Mixture of experts (MoE) has a well-principled finite mixture model construction for prediction, allowing the gating network (mixture weights) to learn from the predictors (explanatory variables) together with the experts' network (mixture component densities). We investigate the estimation properties of MoEs in a high-dimensional setting, where the number of predictors is much larger than the sample size, for which the literature lacks computational and especially theoretical results. We consider the class of finite MoE models with softmax gating functions and Gaussian regression experts, and focus on the theoretical properties of their $l_1$-regularized estimation via the Lasso. We provide a lower bound on the regularization parameter of the Lasso penalty that ensures an $l_1$-oracle inequality is satisfied by the Lasso estimator according to the Kullback--Leibler loss. We further state an $l_1$-ball oracle inequality for the $l_1$-penalized maximum likelihood estimator from the model selection.

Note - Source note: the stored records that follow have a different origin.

(* Let $\mathcal{A}^*$ be a graded-commutative differential graded algebra over a field $\mathbb{k}$ of characteristic zero, let $\mathcal{N}^*$ be a differential graded module over $\mathcal{A}^*$, and let $\xi_1,\xi_2\in\mathcal{A}^1$ be cocycles with $\xi_1-\xi_2=df$ for some $f\in\mathcal{A}^0$. Then the exact couples (and hence the spectral sequences) associated to $(\mathcal{N}^*,\xi_1)$ and to $(\mathcal{N}^*,\xi_2)$ by the construction described in the context are isomorphic. In other words, the deformation spectral sequence depends only on the cohomology class of $\xi$.
   Context: A differential graded module (DGM) $\mathcal{N}^*$ over $\mathcal{A}^*$ is a graded $\mathcal{A}^*$-module with a differential $d$ of degree $+1$ satisfying the Leibniz rule with respect to the pairing $\mathcal{A}^*\times\mathcal{N}^*\to\mathcal{N}^*$. For a cocycle $\xi\in\mathcal{A}^1$, let $\mathcal{N}^*[[t]]$ be the graded module of formal power series in $t$ with coefficients in $\mathcal{N}^*$ (degree-$k$ part: series with coefficients in $\mathcal{N}^k$), endowed with the differential $D_t x=dx+t\xi x$. The short exact sequence of DGMs $0\to\mathcal{N}^*[[t]]\xrightarrow{t}\mathcal{N}^*[[t]]\xrightarrow{\pi}\mathcal{N}^*\to 0$ (with $\pi$ setting $t=0$) induces a long exact sequence in cohomology, regarded as an exact couple $(D,E,i,j,k)$ with $D=H^*(\mathcal{N}^*[[t]],D_t)$, $E=H^*(\mathcal{N}^*,d)$, $i$ = multiplication by $t$, $j=\pi_*$, $k$ = the connecting homomorphism. Its spectral sequence is the one obtained by iterating Massey's derived couple construction ($E'=\mathrm{Ker}(jk)/\mathrm{Im}(jk)$, $D'=i(D)$, with induced maps). *)

theory Defs
  imports Complex_Main "HOL-Library.Function_Algebras"
begin
theorem theorem2:
  fixes N K L :: nat and D :: real
  assumes "N \<ge> 3" and "K \<ge> 2" and "1 \<le> L" and "L < N - 1"
  defines "M \<equiv> N * (L + 1) ^ (K - 1)"
  defines "C \<equiv> 1 / (\<Sum>k<K. 1 / real N ^ k)"
  assumes "1 \<le> D" and "D \<le> 1 / C"
  shows
    "(\<forall>\<alpha>::real. 0 < \<alpha> \<and> \<alpha> \<noteq> 1 \<longrightarrow>
        is_min_val (\<lambda>P. renyi_div (ereal \<alpha>) M P (uniform M)) (feasible N L M D)
          (1 / (\<alpha> - 1) *
             ln (real N * ((1 - real L * (D - 1)) / real N) powr \<alpha>
                 + (real M - real N) * ((real L * (D - 1)) / (real M - real N)) powr \<alpha>)
           + ln (real M)))
     \<and> is_min_val (\<lambda>P. renyi_div 1 M P (uniform M)) (feasible N L M D)
          ((1 - real L * (D - 1)) * ln ((1 - real L * (D - 1)) / real N)
           + (if real L * (D - 1) = 0 then 0
              else real L * (D - 1) * ln ((real L * (D - 1)) / (real M - real N)))
           + ln (real M))
     \<and> is_min_val (\<lambda>P. renyi_div \<infinity> M P (uniform M)) (feasible N L M D)
          (ln ((1 - real L * (D - 1)) / real N) + ln (real M))"
proof -
  define q where "q = real L * (D - 1)"
  have "(L + 1) ^ 1 \<le> (L + 1) ^ (K - 1)"
    using assms(2) by (intro power_increasing) auto
  with assms(3) have "2 \<le> (L + 1) ^ (K - 1)"
    by simp
  then have N_less_M: "N < M"
    using assms(1) by (simp add: M_def)
  have "L + 1 \<le> N" "1 \<le> K" "D \<le> (\<Sum>k<K. 1 / real N ^ k)"
    using assms(2,4,8) by (auto simp: C_def)
  then have bound: "q * real M \<le> real M - real N"
    unfolding q_def M_def of_nat_mult of_nat_power of_nat_add of_nat_1 by (rule tail_mass_bound)
  have "q * real M < 1 * real M"
    using bound assms(1) by simp
  then have "q < 1"
    by (rule mult_right_less_imp_less) simp
  interpret two_blocks N M q
    by unfold_locales (use assms(1,3,7) N_less_M \<open>q < 1\<close> in \<open>auto simp: q_def\<close>)
  have "tail \<le> head"
    using bound N_pos N_less_M by (simp add: field_simps)
  moreover have "feasible N L M D = tail_mass_vecs N M q"
    using assms(3) N_less_M by (simp add: feasible_eq_tail_mass_vecs q_def)
  moreover have "(if q = 0 then 0 else q * ln tail) = q * ln tail"
    by simp
  ultimately show ?thesis
    unfolding q_def[symmetric]
    using renyi_order_min renyi_one_min renyi_infinity_min by auto
qed

end
text \<open>A countable formal sum \<Sum>_{i\<in>I} x_i is represented by a countable index set
  I \<subseteq> nat together with a labelling x : nat \<Rightarrow> 'a (values outside I irrelevant).\<close>
type_synonym 'a diag = "nat set \<times> (nat \<Rightarrow> 'a)"

definition Dbar :: "'a set \<Rightarrow> 'a diag set" where
  "Dbar A = {\<alpha>. \<forall>i\<in>fst \<alpha>. snd \<alpha> i \<notin> A}"

definition is_matching :: "'a set \<Rightarrow> 'a diag \<Rightarrow> 'a diag \<Rightarrow> nat set \<Rightarrow> (nat \<Rightarrow> nat)
    \<Rightarrow> (nat \<Rightarrow> 'a) \<Rightarrow> (nat \<Rightarrow> 'a) \<Rightarrow> bool" where
  "is_matching A \<alpha> \<beta> K \<phi> z w \<longleftrightarrow> K \<subseteq> fst \<alpha> \<and> inj_on \<phi> K \<and> \<phi> ` K \<subseteq> fst \<beta>
     \<and> (\<forall>i\<in>fst \<alpha> - K. z i \<in> A) \<and> (\<forall>j\<in>fst \<beta> - \<phi> ` K. w j \<in> A)"

definition matching_cost :: "('a \<Rightarrow> 'a \<Rightarrow> ennreal) \<Rightarrow> 'a diag \<Rightarrow> 'a diag \<Rightarrow> nat set \<Rightarrow> (nat \<Rightarrow> nat)
    \<Rightarrow> (nat \<Rightarrow> 'a) \<Rightarrow> (nat \<Rightarrow> 'a) \<Rightarrow> ennreal" where
  "matching_cost d \<alpha> \<beta> K \<phi> z w =
     sup (SUP k\<in>K. d (snd \<alpha> k) (snd \<beta> (\<phi> k)))
       (sup (SUP i\<in>fst \<alpha> - K. d (snd \<alpha> i) (z i))
            (SUP j\<in>fst \<beta> - \<phi> ` K. d (w j) (snd \<beta> j)))"

definition W_inf :: "('a \<Rightarrow> 'a \<Rightarrow> ennreal) \<Rightarrow> 'a set \<Rightarrow> 'a diag \<Rightarrow> 'a diag \<Rightarrow> ennreal" where
  "W_inf d A \<alpha> \<beta> = (INF m\<in>{(K, \<phi>, z, w). is_matching A \<alpha> \<beta> K \<phi> z w}.
       (case m of (K, \<phi>, z, w) \<Rightarrow> matching_cost d \<alpha> \<beta> K \<phi> z w))"

definition u_delta :: "('a \<Rightarrow> 'a \<Rightarrow> ennreal) \<Rightarrow> 'a set \<Rightarrow> real \<Rightarrow> 'a diag \<Rightarrow> nat set" where
  "u_delta d A \<delta> \<alpha> = {i\<in>fst \<alpha>. \<not> dist_set d (snd \<alpha> i) A < ennreal \<delta>}"

definition Dbar_inf :: "('a \<Rightarrow> 'a \<Rightarrow> ennreal) \<Rightarrow> 'a set \<Rightarrow> 'a diag set" where
  "Dbar_inf d A = {\<alpha>\<in>Dbar A. \<forall>\<delta>>0. finite (u_delta d A \<delta> \<alpha>)}"

end

theory Submission
  imports Defs
begin

(*
  Pass to a subsequence beta_k of the Cauchy sequence with W_inf(beta_k, beta_(k+1)) < 2^-k and fix
  matchings of cost at most 2^-k between consecutive terms. Following a point of beta_k through the
  successive matchings gives, as long as it is not sent to the diagonal, a sequence in X whose steps
  are bounded by 2^-k, 2^-(k+1), ..., hence a Cauchy sequence with a limit. The limit diagram has one
  point for each such surviving track whose limit lies off A. Matching every point of beta_n to the
  limit of its track, or to a nearby point of A when its track dies or converges into A, costs at
  most 4 * 2^-n. Finiteness of u_delta passes to the limit: under a matching of cost below delta/2,
  every point at distance at least delta from A is paired with a point at distance at least delta/2.
*)

lemma ext_metric_triangle: "ext_metric d \<Longrightarrow> d x z \<le> d x y + d y z"
  by (simp add: ext_metric_def)

lemma ext_metric_sym: "ext_metric d \<Longrightarrow> d x y = d y x"
  by (simp add: ext_metric_def)

lemma ext_metric_refl: "ext_metric d \<Longrightarrow> d x x = 0"
  by (simp add: ext_metric_def)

翻译：混合专家模型（MoE）具有基于有限混合模型框架的预测原理，其门控网络（混合权重）可与专家网络（混合成分密度）共同从预测变量（解释变量）中学习。本文研究了高维场景下（预测变量数量远大于样本量）MoE的估计性质，而该领域文献中尚缺乏相关计算及理论结果。我们考虑采用softmax门控函数与高斯回归专家构成的有限MoE模型，重点探讨其通过Lasso进行$l_1$正则化估计的理论性质。研究给出了Lasso惩罚项正则化参数的下界，该下界确保Lasso估计量在Kullback-Leibler损失下满足$l_1$-oracle不等式。进一步地，我们针对模型选择中的$l_1$惩罚极大似然估计，提出了$l_1$球oracle不等式。